→ **HOW TO COMPLETE THIS TASK**: Where does the string "thesis" appear in the records? Copy each line that holds it.

DATA SUPPLIED START

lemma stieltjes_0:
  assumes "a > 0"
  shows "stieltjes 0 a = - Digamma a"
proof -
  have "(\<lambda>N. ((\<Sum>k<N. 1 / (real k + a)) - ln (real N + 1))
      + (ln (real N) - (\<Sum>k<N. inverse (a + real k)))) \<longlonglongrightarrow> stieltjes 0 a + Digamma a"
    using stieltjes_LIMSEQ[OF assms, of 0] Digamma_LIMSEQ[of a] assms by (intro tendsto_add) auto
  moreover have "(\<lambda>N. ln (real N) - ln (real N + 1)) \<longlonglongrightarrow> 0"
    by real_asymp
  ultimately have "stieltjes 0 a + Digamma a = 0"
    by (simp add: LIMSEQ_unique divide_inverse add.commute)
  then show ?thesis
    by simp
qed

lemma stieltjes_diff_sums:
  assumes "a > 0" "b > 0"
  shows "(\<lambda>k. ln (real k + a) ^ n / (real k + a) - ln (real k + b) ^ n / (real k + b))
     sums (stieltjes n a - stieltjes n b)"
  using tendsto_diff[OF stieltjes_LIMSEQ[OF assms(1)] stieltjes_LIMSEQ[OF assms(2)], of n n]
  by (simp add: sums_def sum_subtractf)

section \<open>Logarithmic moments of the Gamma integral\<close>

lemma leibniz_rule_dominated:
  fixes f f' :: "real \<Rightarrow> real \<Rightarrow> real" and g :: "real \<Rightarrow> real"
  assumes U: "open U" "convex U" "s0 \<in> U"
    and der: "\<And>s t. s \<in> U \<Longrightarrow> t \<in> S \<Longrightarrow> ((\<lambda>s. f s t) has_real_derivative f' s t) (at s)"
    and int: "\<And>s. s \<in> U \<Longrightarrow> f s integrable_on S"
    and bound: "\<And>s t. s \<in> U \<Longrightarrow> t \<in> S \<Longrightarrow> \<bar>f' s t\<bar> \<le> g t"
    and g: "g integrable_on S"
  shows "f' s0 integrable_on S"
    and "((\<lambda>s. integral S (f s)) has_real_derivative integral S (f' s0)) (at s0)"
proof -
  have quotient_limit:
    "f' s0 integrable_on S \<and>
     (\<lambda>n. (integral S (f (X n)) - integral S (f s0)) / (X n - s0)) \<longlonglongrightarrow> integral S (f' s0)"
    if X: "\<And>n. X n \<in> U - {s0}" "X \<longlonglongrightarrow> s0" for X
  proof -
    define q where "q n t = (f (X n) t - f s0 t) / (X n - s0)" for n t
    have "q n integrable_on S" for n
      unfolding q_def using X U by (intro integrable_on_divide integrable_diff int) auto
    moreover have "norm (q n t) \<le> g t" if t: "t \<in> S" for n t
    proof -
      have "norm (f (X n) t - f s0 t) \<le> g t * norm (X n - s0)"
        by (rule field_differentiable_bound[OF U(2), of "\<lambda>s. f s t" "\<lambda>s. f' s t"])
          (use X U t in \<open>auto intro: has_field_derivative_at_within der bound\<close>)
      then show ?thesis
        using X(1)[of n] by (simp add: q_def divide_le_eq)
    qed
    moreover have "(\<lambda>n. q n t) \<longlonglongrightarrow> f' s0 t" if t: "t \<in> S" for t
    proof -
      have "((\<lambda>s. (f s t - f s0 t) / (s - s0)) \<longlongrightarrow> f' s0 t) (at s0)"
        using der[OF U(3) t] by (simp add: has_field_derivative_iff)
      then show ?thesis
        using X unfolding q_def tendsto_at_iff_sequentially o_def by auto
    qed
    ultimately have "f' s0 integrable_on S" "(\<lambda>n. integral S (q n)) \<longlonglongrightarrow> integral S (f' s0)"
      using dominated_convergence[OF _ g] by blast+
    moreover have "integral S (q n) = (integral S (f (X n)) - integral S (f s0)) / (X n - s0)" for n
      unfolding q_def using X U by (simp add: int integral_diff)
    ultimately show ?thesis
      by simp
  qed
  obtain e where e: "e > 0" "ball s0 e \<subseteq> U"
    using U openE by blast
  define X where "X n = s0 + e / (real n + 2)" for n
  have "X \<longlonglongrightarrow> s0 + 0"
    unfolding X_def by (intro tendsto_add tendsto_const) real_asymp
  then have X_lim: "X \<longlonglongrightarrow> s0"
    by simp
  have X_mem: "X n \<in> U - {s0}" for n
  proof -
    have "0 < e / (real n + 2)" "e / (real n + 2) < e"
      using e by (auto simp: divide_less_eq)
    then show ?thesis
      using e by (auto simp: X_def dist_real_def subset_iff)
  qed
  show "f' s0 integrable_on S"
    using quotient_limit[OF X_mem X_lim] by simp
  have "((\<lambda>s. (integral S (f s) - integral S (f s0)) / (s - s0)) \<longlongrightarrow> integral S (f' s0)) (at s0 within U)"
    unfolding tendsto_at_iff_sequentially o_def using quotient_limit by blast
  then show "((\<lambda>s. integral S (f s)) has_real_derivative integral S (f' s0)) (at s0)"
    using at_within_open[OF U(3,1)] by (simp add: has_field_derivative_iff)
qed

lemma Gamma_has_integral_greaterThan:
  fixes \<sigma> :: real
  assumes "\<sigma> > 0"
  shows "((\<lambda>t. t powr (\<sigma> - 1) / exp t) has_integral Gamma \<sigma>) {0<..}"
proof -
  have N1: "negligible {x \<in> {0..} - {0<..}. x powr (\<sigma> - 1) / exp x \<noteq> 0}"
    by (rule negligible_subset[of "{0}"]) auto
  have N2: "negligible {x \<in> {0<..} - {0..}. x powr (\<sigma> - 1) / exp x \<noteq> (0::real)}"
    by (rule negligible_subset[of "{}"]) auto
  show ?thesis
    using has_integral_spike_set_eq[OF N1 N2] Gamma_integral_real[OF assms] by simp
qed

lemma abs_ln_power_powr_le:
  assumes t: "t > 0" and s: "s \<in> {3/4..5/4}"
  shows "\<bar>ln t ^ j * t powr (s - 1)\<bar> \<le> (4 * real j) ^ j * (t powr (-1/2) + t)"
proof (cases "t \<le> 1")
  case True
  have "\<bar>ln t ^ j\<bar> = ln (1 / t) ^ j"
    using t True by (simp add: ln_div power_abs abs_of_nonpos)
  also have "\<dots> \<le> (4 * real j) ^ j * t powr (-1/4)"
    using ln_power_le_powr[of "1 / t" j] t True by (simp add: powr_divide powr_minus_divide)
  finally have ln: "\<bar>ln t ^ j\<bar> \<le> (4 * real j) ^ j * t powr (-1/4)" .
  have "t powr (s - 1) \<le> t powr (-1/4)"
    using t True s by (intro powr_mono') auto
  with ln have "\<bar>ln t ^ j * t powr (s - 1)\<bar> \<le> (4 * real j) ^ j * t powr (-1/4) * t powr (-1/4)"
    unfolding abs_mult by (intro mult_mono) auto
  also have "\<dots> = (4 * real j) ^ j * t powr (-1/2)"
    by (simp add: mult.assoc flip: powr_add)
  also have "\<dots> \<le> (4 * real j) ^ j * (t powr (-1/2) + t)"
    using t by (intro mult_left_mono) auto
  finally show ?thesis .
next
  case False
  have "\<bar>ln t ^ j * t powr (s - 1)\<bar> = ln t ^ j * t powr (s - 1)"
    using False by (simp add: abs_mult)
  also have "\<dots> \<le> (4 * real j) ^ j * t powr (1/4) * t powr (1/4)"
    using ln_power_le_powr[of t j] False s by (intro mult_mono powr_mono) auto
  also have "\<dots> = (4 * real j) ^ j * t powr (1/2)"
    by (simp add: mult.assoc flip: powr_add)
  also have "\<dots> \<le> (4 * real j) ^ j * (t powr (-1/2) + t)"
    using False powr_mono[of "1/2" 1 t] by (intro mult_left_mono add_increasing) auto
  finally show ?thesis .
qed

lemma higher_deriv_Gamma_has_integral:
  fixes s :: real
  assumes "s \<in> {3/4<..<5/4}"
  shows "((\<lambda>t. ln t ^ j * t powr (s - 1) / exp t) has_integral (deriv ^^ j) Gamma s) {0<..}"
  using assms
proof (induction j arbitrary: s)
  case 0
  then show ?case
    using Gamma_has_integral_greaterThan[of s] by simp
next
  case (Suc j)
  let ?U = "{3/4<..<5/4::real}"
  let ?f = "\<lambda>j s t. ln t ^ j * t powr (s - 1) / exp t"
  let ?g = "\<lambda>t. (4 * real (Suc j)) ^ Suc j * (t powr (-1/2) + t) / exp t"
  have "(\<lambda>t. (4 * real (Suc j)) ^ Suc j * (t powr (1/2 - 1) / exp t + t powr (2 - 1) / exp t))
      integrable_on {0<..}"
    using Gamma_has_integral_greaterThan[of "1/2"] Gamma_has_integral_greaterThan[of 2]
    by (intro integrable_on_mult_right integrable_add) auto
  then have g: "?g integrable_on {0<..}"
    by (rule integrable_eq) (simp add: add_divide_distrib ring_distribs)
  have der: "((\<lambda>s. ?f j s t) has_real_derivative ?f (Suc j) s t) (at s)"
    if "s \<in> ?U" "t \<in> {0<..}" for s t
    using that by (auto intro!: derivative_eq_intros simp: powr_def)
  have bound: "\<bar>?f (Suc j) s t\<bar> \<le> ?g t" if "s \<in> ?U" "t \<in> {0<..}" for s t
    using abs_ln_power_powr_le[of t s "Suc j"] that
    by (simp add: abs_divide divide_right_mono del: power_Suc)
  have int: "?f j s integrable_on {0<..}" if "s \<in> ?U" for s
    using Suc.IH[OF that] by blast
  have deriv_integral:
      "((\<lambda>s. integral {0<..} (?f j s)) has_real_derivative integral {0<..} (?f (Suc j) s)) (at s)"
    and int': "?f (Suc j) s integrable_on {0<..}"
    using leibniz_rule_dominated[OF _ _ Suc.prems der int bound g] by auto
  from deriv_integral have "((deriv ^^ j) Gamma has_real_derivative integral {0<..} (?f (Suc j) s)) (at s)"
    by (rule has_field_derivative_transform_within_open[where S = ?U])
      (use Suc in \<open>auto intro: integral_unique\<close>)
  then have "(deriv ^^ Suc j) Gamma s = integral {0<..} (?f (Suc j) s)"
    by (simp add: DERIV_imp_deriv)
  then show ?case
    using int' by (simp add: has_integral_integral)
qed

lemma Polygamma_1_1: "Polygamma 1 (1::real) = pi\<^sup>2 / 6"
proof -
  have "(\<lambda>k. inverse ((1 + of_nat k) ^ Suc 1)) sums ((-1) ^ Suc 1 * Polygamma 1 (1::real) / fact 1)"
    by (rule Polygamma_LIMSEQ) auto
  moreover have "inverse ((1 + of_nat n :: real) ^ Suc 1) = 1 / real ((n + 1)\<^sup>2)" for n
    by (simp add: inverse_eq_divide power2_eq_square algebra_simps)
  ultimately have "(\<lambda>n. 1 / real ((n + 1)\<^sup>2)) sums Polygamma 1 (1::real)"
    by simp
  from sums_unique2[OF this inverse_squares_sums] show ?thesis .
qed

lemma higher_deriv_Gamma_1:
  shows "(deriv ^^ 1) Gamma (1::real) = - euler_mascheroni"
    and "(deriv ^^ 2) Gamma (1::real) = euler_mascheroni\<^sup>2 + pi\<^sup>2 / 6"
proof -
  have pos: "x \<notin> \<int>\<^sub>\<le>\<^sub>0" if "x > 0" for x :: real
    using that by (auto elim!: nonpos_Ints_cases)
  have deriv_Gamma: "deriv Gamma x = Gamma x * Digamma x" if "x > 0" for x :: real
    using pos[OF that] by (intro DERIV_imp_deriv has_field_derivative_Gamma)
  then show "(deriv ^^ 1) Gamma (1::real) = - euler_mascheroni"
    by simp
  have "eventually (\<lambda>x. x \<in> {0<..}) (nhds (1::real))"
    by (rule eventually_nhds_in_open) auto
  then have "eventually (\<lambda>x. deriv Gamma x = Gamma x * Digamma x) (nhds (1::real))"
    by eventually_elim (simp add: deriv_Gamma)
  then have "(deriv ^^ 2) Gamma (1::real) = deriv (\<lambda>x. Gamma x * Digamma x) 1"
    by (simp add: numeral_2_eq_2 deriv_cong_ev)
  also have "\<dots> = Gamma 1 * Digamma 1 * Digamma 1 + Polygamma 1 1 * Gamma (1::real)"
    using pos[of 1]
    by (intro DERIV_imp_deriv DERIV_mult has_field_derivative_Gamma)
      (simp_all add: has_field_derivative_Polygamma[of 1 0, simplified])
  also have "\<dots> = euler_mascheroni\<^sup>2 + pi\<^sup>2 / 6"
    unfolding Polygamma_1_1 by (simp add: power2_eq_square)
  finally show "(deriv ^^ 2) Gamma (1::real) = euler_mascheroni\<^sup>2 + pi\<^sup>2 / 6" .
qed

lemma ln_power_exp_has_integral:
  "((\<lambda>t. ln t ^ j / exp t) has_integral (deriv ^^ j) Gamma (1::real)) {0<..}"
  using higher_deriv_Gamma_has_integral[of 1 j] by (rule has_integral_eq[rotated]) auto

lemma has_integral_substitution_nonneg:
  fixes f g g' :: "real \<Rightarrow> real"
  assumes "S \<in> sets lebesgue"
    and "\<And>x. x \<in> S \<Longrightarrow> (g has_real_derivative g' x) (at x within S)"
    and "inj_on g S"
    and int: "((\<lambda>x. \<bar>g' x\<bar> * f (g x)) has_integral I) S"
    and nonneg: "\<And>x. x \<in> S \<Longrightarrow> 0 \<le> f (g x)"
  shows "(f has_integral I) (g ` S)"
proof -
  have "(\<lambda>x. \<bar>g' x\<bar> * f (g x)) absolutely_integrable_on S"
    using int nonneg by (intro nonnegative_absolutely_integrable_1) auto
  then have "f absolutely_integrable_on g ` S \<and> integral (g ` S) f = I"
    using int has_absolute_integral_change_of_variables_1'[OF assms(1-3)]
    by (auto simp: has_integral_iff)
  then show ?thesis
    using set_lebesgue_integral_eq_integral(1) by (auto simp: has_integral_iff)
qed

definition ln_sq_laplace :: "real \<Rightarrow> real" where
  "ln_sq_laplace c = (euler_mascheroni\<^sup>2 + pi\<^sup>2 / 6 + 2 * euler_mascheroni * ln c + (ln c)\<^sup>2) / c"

DATA SUPPLIED END

→ **EXERCISE ANSWER**:
  then show ?thesis
      then show ?thesis
      then show ?thesis
    ultimately show ?thesis
    then show ?thesis
  show ?thesis
  finally show ?thesis .
  finally show ?thesis .
  from sums_unique2[OF this inverse_squares_sums] show ?thesis .
  then show ?thesis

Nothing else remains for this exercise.